- WHAT TO DO:
Every line from the one with "set \<Rightarrow> 'v set set \<Rightarrow> ('v" to the one with "((real^5^5) \<times> (real^5^5))", including those two, is to be copied exactly; all other lines of the entries below are left out.

[Stored data entries]
********************

(* Let $n=5$ and let $T$ be a non-star tree metric on $5$ taxa, realized by a weighted tree with positive edge weights (and no vertices of degree $2$), and denote by $e_p$ the weight of the edge attached to leaf $p$. Then $T$ is a tropical mixture $D\oplus\bar D$ of two star tree metrics $D,\bar D$ if and only if $T$ has exactly one internal edge, of weight $g$, and $e_i,e_j>g$, where $i,j$ are the leaves of the unique cherry attached to one endpoint of the internal edge (the other three leaves being attached to the other endpoint). Moreover, the fiber over such a tree $T$ (the set of ordered pairs $(D,\bar D)$ of star tree metrics with $D\oplus\bar D=T$) is the union of four disjoint $\mathfrak{S}_2$-orbits of $2$-dimensional polygons of pairs $(D,\bar D)$, where $\mathfrak{S}_2$ acts by swapping $D$ and $\bar D$.
   Context: A weighted tree on $n$ taxa is a tree with leaves labeled $1,\dots,n$ and edge weights; its tree metric is $d(p,q)=$ sum of the weights along the path from $p$ to $q$. A star tree metric is the tree metric of a star tree (a single internal vertex adjacent to all $n$ leaves) all of whose edges have strictly positive weights, i.e. $D_{pq}=w_p+w_q$ for $p\neq q$ with all $w_p>0$. The tropical mixture of two such matrices is the entrywise maximum $(D\oplus\bar D)_{pq}=\max\{D_{pq},\bar D_{pq}\}$. A non-star tree metric is one whose realizing tree (with positive weights and no degree-2 vertices) has at least one internal edge. *)

theory Defs
  imports "HOL-Analysis.Analysis"
begin

text \<open>Taxa are the 5 elements of the numeral type 5. Distance matrices are
  elements of real^5^5, so that the fiber lives in a Euclidean space.\<close>

definition star_metric :: "real^5^5 \<Rightarrow> bool" where
  "star_metric D \<longleftrightarrow> (\<exists>w::real^5. (\<forall>p. w$p > 0) \<and>
      (\<forall>p q. D$p$q = (if p = q then 0 else w$p + w$q)))"

definition tmix :: "real^5^5 \<Rightarrow> real^5^5 \<Rightarrow> real^5^5" where
  "tmix D Db = (\<chi> p q. max (D$p$q) (Db$p$q))"

definition spath :: "'v set set \<Rightarrow> 'v list \<Rightarrow> 'v \<Rightarrow> 'v \<Rightarrow> bool" where
  "spath E xs a b \<longleftrightarrow> xs \<noteq> [] \<and> hd xs = a \<and> last xs = b \<and> distinct xs \<and>
     (\<forall>i. Suc i < length xs \<longrightarrow> {xs!i, xs!Suc i} \<in> E)"

definition is_tree :: "'v set \<Rightarrow> 'v set set \<Rightarrow> bool" where
  "is_tree V E \<longleftrightarrow> finite V \<and> V \<noteq> {} \<and>
     E \<subseteq> {{a, b} | a b. a \<in> V \<and> b \<in> V \<and> a \<noteq> b} \<and>
     (\<forall>a\<in>V. \<forall>b\<in>V. \<exists>!xs. spath E xs a b)"

definition vdegree :: "'v set set \<Rightarrow> 'v \<Rightarrow> nat" where
  "vdegree E v = card {e \<in> E. v \<in> e}"

definition weighted_phylo_tree ::
  "'v set \<Rightarrow> 'v set set \<Rightarrow> ('v set \<Rightarrow> real) \<Rightarrow> (5 \<Rightarrow> 'v) \<Rightarrow> bool" where
  "weighted_phylo_tree V E w leaf \<longleftrightarrow> is_tree V E \<and> inj leaf \<and> range leaf \<subseteq> V \<and>
     (\<forall>p. vdegree E (leaf p) = 1) \<and>
     (\<forall>v \<in> V - range leaf. vdegree E v \<ge> 3) \<and>
     (\<forall>e\<in>E. w e > 0)"

definition path_length :: "('v set \<Rightarrow> real) \<Rightarrow> 'v list \<Rightarrow> real" where
  "path_length w xs = (\<Sum>i < length xs - 1. w {xs!i, xs!Suc i})"

definition realizes ::
  "'v set set \<Rightarrow> ('v set \<Rightarrow> real) \<Rightarrow> (5 \<Rightarrow> 'v) \<Rightarrow> real^5^5 \<Rightarrow> bool" where
  "realizes E w leaf T \<longleftrightarrow>
     (\<forall>p q xs. spath E xs (leaf p) (leaf q) \<longrightarrow> T$p$q = path_length w xs)"

definition internal_edge :: "(5 \<Rightarrow> 'v) \<Rightarrow> 'v set \<Rightarrow> bool" where
  "internal_edge leaf e \<longleftrightarrow> e \<inter> range leaf = {}"

definition fiber :: "real^5^5 \<Rightarrow> ((real^5^5) \<times> (real^5^5)) set" where
  "fiber T = {(D, Db). star_metric D \<and> star_metric Db \<and> tmix D Db = T}"

text \<open>A 2-dimensional polygon: a convex set of affine dimension 2 whose closure is
  a convex polytope (convex hull of finitely many points); boundary parts may be missing.\<close>
definition polygon2 :: "('a::euclidean_space) set \<Rightarrow> bool" where
  "polygon2 P \<longleftrightarrow> convex P \<and> aff_dim P = 2 \<and>
     (\<exists>S. finite S \<and> closure P = convex hull S)"

definition one_internal_cherry_cond ::
  "'v set set \<Rightarrow> ('v set \<Rightarrow> real) \<Rightarrow> (5 \<Rightarrow> 'v) \<Rightarrow> bool" where
  "one_internal_cherry_cond E w leaf \<longleftrightarrow>
     (\<exists>u v i j. {u, v} \<in> E \<and> internal_edge leaf {u, v} \<and>
        (\<forall>f\<in>E. internal_edge leaf f \<longrightarrow> f = {u, v}) \<and>
        i \<noteq> j \<and> {u, leaf i} \<in> E \<and> {u, leaf j} \<in> E \<and>
        (\<forall>k. {u, leaf k} \<in> E \<longrightarrow> k = i \<or> k = j) \<and>
        w {u, leaf i} > w {u, v} \<and> w {u, leaf j} > w {u, v})"

end

theory Submission
  imports Defs
begin

text \<open>A non-star tree on five taxa is either the caterpillar, with two internal edges, or has a
  single internal edge of weight g separating a cherry {i, j} from the other three taxa. For the
  caterpillar, the ten equations max(a_p + a_q, b_p + b_q) = T_pq expressing T as the mixture of
  the star metrics with weights a and b are inconsistent. For the other shape, T_pq = e_p + e_q,
  plus g when p and q lie on different sides, where e are the pendant weights. Solving the
  equations with positive a, b forces e_i, e_j > g; conversely, up to swapping a and b, every
  solution lies in exactly one of four explicit two-parameter families, each an injective affine
  image of a planar quadrilateral and hence a 2-dimensional polygon.\<close>

section \<open>Planar polygons\<close>

lemma polygon2_sandwich:
  fixes Q K :: "(real \<times> real) set"
  assumes "convex Q" "polytope K" "interior K \<noteq> {}" "interior K \<subseteq> Q" "Q \<subseteq> K"
  shows "polygon2 Q"
proof -
  have K: "closed K" "convex K"
    using assms(2) by (simp_all add: polytope_imp_closed polytope_imp_convex)
  have "closure Q = K"
  proof
    show "closure Q \<subseteq> K" using assms(5) K(1) by (rule closure_minimal)
    have "K = closure (interior K)" using convex_closure_interior[OF K(2) assms(3)] K(1) by simp
    also have "\<dots> \<subseteq> closure Q" using assms(4) by (rule closure_mono)
    finally show "K \<subseteq> closure Q" .
  qed
  moreover have "aff_dim Q = 2"
  proof (rule antisym)
    show "aff_dim Q \<le> 2" using aff_dim_le_DIM[of Q] by simp
    have "aff_dim (interior K) = 2" using aff_dim_open[OF open_interior assms(3)] by simp
    then show "2 \<le> aff_dim Q" using aff_dim_subset[OF assms(4)] by simp
  qed
  ultimately show ?thesis
    using assms(1,2) unfolding polygon2_def polytope_def by metis
qed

********************

- TASK RESULT:
  "'v set \<Rightarrow> 'v set set \<Rightarrow> ('v set \<Rightarrow> real) \<Rightarrow> (5 \<Rightarrow> 'v) \<Rightarrow> bool" where
  "weighted_phylo_tree V E w leaf \<longleftrightarrow> is_tree V E \<and> inj leaf \<and> range leaf \<subseteq> V \<and>
     (\<forall>p. vdegree E (leaf p) = 1) \<and>
     (\<forall>v \<in> V - range leaf. vdegree E v \<ge> 3) \<and>
     (\<forall>e\<in>E. w e > 0)"

definition path_length :: "('v set \<Rightarrow> real) \<Rightarrow> 'v list \<Rightarrow> real" where
  "path_length w xs = (\<Sum>i < length xs - 1. w {xs!i, xs!Suc i})"

definition realizes ::
  "'v set set \<Rightarrow> ('v set \<Rightarrow> real) \<Rightarrow> (5 \<Rightarrow> 'v) \<Rightarrow> real^5^5 \<Rightarrow> bool" where
  "realizes E w leaf T \<longleftrightarrow>
     (\<forall>p q xs. spath E xs (leaf p) (leaf q) \<longrightarrow> T$p$q = path_length w xs)"

definition internal_edge :: "(5 \<Rightarrow> 'v) \<Rightarrow> 'v set \<Rightarrow> bool" where
  "internal_edge leaf e \<longleftrightarrow> e \<inter> range leaf = {}"

definition fiber :: "real^5^5 \<Rightarrow> ((real^5^5) \<times> (real^5^5)) set" where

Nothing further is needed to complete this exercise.